From Old Ones to New Deal.

“The sketch on the right side of this page of notes, with its annotations (“body dark grey”; “all appendages not in use customarily folded down to body”; “leathery or rubbery”) represents Lovecraft working out the specifics of an Elder Thing’s anatomy. As Lovecraft’s narrator was a scientist, the description of the Things in the novella is dense and layered; here we can see the beginnings of that detail.”

Speaking of taking notes: In her house at S’late, Rebecca Onion points the way to H.P. Lovecraft’s handwritten notes for At the Mountains of Madness. “The writer, who had fallen on hard times, used a deconstructed envelope in an attempt to save paper.”

Also, I forget if I’ve blogged this before, but I found this interesting read while looking to briefly shoehorn Lovecraft into the dissertation: Lovecraft’s final years as a New Dealer:

As for the Republicans—how can one regard seriously a frightened, greedy, nostalgic huddle of tradesmen and lucky idlers who shut their eyes to history and science, steel their emotions against decent human sympathy, cling to sordid and provincial ideals exalting sheer acquisitiveness and condoning artificial hardship for the non-materially-shrewd, dwell smugly and sentimentally in a distorted dream-cosmos of outmoded phrases and principles and attitudes based on the bygone agricultural-handicraft world, and revel in (consciously or unconsciously) mendacious assumptions (such as the notion that real liberty is synonymous with the single detail of unrestricted economic license or that a rational planning of resource-distribution would contravene some vague and mystical ‘American heritage’…) utterly contrary to fact and without the slightest foundation in human experience? Intellectually, the Republican idea deserves the tolerance and respect one gives to the dead.”

The Guns of August.

“The direction of events in Egypt, Syria, Iraq and Iran should keep us awake at night. History is taking a dangerous turn…The region certainly cannot sustain two wars — Syria’s bloody insurgency and a near-civil war in Egypt — without wrecking established peace treaties and the normal mechanisms for defusing conflict.”

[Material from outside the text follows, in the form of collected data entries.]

(* Let $1\le p<\infty$. The Hamming graphs $([\mathbb N]^k,d^{(k)}_{\mathsf H})$, $k\in\mathbb N$, equi-coarsely embed into the Banach space $\big(\bigoplus_{k=1}^\infty\ell_p^k(T^* )\big)_{T^*}$.
   Context: $d^{(k)}_{\mathsf H}(\bar m,\bar n)=|\{j:m_j\ne n_j\}|$ for $\bar m=\{m_1<\dots<m_k\},\bar n=\{n_1<\dots<n_k\}\in[\mathbb N]^k$. $T^*$ is the dual of Tsirelson's space $T$ (completion of $c_{00}$ under $\|x\|_T=\max\{\|x\|_\infty,\frac12\sup\sum_{j=1}^n\|E_j(x)\|_T\}$, supremum over $n$ and finite sets $n\le E_1<\dots<E_n$), with its $1$-unconditional basis $(e_j)$. $\ell_p^k(T^* )$ is the $\ell_p^k$-sum of $k$ copies of $T^*$; $(\bigoplus Y_k)_{T^*}$ consists of $(y_k)$ with $\sum\|y_k\|e_k$ convergent in $T^*$, normed by $\|\sum\|y_k\|e_k\|_{T^*}$. A family $(M_i)$ of metric spaces equi-coarsely embeds into $Y$ if there are non-decreasing $\rho,\omega:[0,\infty)\to[0,\infty)$ with $\lim_{t\to\infty}\rho(t)=\infty$ and maps $f_i:M_i\to Y$ with $\rho(d(x,y))\le d_Y(f_i(x),f_i(y))\le\omega(d(x,y))$ for all $i$ and $x,y\in M_i$. *)

theory Defs
  imports "HOL-Analysis.Analysis" "HOL-Library.Function_Algebras"
begin

text \<open>Conventions: the basis of Tsirelson's space is indexed by 1,2,3,...;
  vectors are functions nat => real with coordinate 0 forced to be 0.\<close>

definition c00 :: "(nat \<Rightarrow> real) set" where
  "c00 = {x. finite {j. x j \<noteq> 0} \<and> x 0 = 0}"
(* Let $A_1$ and $A_2$ be finite-dimensional simple evolution algebras over a field $\mathbb{K}$ with associated directed graphs $E$ and $F$ (relative to natural bases). Let $d_1$ (resp. $d_2$) be the greatest common divisor of the lengths of all closed paths in $E$ (resp. $F$). Then: \begin{enumerate} \item[(i)] The evolution algebra $A_1\otimes A_2$ is simple if and only if $\gcd(d_1,d_2)=1$. In particular, if $E$ and $F$ have closed paths of coprime lengths, then $A_1\otimes A_2$ is simple. \item[(ii)] The evolution algebra $A_1\otimes A_2$ is semisimple, i.e. a direct sum of simple evolution algebras. \end{enumerate}
   Context: An evolution algebra over $\mathbb{K}$ is a $\mathbb{K}$-algebra with a basis $\{e_1,\dots,e_n\}$ (natural basis) such that $e_ie_j=0$ for $i\ne j$; its structure matrix $(\omega_{ij})$ is given by $e_i^2=\sum_j\omega_{ji}e_j$. Its associated directed graph relative to this basis has vertex set $\{1,\dots,n\}$ and an edge from $i$ to $j$ whenever $\omega_{ji}\neq0$. A path is a finite sequence of edges $f_1\cdots f_m$ with the range of $f_i$ equal to the source of $f_{i+1}$; it is closed if its range equals its source; its length is $m$. The tensor product $A_1\otimes A_2$ of evolution algebras with natural bases $\{a_i\}$, $\{b_p\}$ is an evolution algebra with natural basis $\{a_i\otimes b_p\}$ and product $(a\otimes b)(a'\otimes b')=aa'\otimes bb'$. A $\mathbb{K}$-algebra is simple if $A^2\neq 0$ and its only ideals are $0$ and $A$. *)

theory Defs
  imports Main
begin
lemma exp_series_interchange:
  fixes w c :: "nat \<Rightarrow> real"
  assumes w: "summable (\<lambda>j. \<bar>w j\<bar>)" and c: "\<And>j. \<bar>c j\<bar> \<le> C"
  shows "summable (\<lambda>j. w j * exp (c j * t))"
    and "(\<lambda>n. (\<Sum>j. w j * c j ^ n) * t ^ n / fact n) sums (\<Sum>j. w j * exp (c j * t))"
proof -
  define f where "f p = w (fst p) * (c (fst p) * t) ^ snd p / fact (snd p)" for p
  have exp_sums: "(\<lambda>n. z ^ n / fact n) sums exp z" for z :: real
    using exp_converges[of z] by (simp add: divide_inverse_commute scaleR_conv_of_real)
  have row: "(\<lambda>n. f (j, n)) sums (w j * exp (c j * t))" for j
    unfolding f_def using sums_mult[OF exp_sums[of "c j * t"], of "w j"] by (simp add: ac_simps)
  have row_abs: "(\<lambda>n. \<bar>f (j, n)\<bar>) sums (\<bar>w j\<bar> * exp \<bar>c j * t\<bar>)" for j
    unfolding f_def using sums_mult[OF exp_sums[of "\<bar>c j * t\<bar>"], of "\<bar>w j\<bar>"]
    by (simp add: abs_mult abs_divide power_abs ac_simps)
  have summable_row_bound: "summable (\<lambda>j. \<bar>w j\<bar> * exp \<bar>c j * t\<bar>)"
  proof (rule summable_comparison_test'[OF summable_mult2[OF w, of "exp (C * \<bar>t\<bar>)"]])
    fix j
    have "\<bar>c j * t\<bar> \<le> C * \<bar>t\<bar>" using c[of j] by (simp add: abs_mult mult_right_mono)
    then show "norm (\<bar>w j\<bar> * exp \<bar>c j * t\<bar>) \<le> \<bar>w j\<bar> * exp (C * \<bar>t\<bar>)"
      by (simp add: mult_left_mono)
  qed
  have "(\<lambda>p. norm (f p)) summable_on UNIV \<times> UNIV"
  proof (rule summable_on_SigmaI)
    show "((\<lambda>n. norm (f (j, n))) has_sum \<bar>w j\<bar> * exp \<bar>c j * t\<bar>) UNIV" for j
      using sums_nonneg_imp_has_sum[OF row_abs] by simp
    show "(\<lambda>j. \<bar>w j\<bar> * exp \<bar>c j * t\<bar>) summable_on UNIV"
      by (rule summable_nonneg_imp_summable_on[OF summable_row_bound]) simp
  qed simp
  then have "f summable_on UNIV \<times> UNIV"
    by (rule abs_summable_summable)
  then have f: "(f has_sum infsum f UNIV) (UNIV \<times> UNIV)"
    using has_sum_infsum by simp
  have "((\<lambda>j. w j * exp (c j * t)) has_sum infsum f UNIV) UNIV"
  proof (rule has_sum_Sigma'[OF f])
    fix j
    have "summable (\<lambda>n. norm (f (j, n)))" using row_abs[of j] by (simp add: sums_iff)
    then show "((\<lambda>n. f (j, n)) has_sum w j * exp (c j * t)) UNIV"
      by (rule norm_summable_imp_has_sum[OF _ row])
  qed
  then have rows: "(\<lambda>j. w j * exp (c j * t)) sums infsum f UNIV"
    by (rule has_sum_imp_sums)
  have "((\<lambda>n. (\<Sum>j. w j * c j ^ n) * t ^ n / fact n) has_sum infsum f UNIV) UNIV"
  proof (rule has_sum_Sigma'[of "\<lambda>p. f (snd p, fst p)"])
    show "((\<lambda>p. f (snd p, fst p)) has_sum infsum f UNIV) (UNIV \<times> UNIV)"
      using has_sum_swap[THEN iffD1, OF f] by (simp add: case_prod_unfold)
    fix n
    have bound: "\<bar>w j * c j ^ n\<bar> \<le> \<bar>w j\<bar> * C ^ n" for j
      using c[of j] by (simp add: abs_mult power_abs mult_left_mono power_mono)
    have abs_summable: "summable (\<lambda>j. \<bar>w j * c j ^ n\<bar>)"
      by (rule summable_comparison_test'[OF summable_mult2[OF w, of "C ^ n"]]) (simp add: bound)
    then have "summable (\<lambda>j. norm (f (j, n)))"
      using summable_mult2[OF abs_summable, of "\<bar>t\<bar> ^ n / fact n"] unfolding f_def
      by (simp add: abs_mult abs_divide power_abs power_mult_distrib ac_simps)
    moreover have "(\<lambda>j. f (j, n)) sums ((\<Sum>j. w j * c j ^ n) * t ^ n / fact n)"
      using sums_mult2[OF summable_sums[OF summable_rabs_cancel[OF abs_summable]], of "t ^ n / fact n"]
      unfolding f_def by (simp add: power_mult_distrib ac_simps)
    ultimately show "((\<lambda>j. f (snd (n, j), fst (n, j))) has_sum (\<Sum>j. w j * c j ^ n) * t ^ n / fact n) UNIV"
      by (simp add: norm_summable_imp_has_sum)
  qed
  then have "(\<lambda>n. (\<Sum>j. w j * c j ^ n) * t ^ n / fact n) sums infsum f UNIV"
    by (rule has_sum_imp_sums)
  with rows show "summable (\<lambda>j. w j * exp (c j * t))"
    and "(\<lambda>n. (\<Sum>j. w j * c j ^ n) * t ^ n / fact n) sums (\<Sum>j. w j * exp (c j * t))"
    by (simp_all add: sums_iff)
qed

As armed US intervention in Syria seemingly passes the point of fait accompli — despite the fact that, as usual, any desirable outcome is unlikely, and blowback almost inevitable, from such a campaign — veteran Mideast correspondent Roger Boyes voices his concerns about the imploding Middle East. (Paywall-free summary here.) “In August 1914 there was a lot of grouse shooting going on. In August 2013, politicians prefer to read doorstopper biographies in Tuscany and Cornwall. Yet the spreading Middle East crisis, its multiple flashpoints, is every bit as ominous as the prelude to war in 1914.”

The Hardbender Theorem.

“The problem to me is, yes, it’s hard to get the money because even though I’m making films with no money, they still want Johnny [Depp] or Brad [Pitt] in it. It’s stupid, it’s ridiculous. The new phrase that’s floating around is you need a ‘hard-bender’ if you’re doing a film of a certain size. A ‘hard-bender’ is one with either Tom Hardy or Michael Fassbender and it never stops, it always astonishes me.”

With The Zero Theorem in the can — a trailer of sorts is hereIndiewire checks in with Terry Gilliam on the state of the business. “It’s so immediate now, there’s very little long-term thinking. I mean, Johnny [Depp] is one of the few who can keep making films that are somehow less successful and still end up on people’s lists.”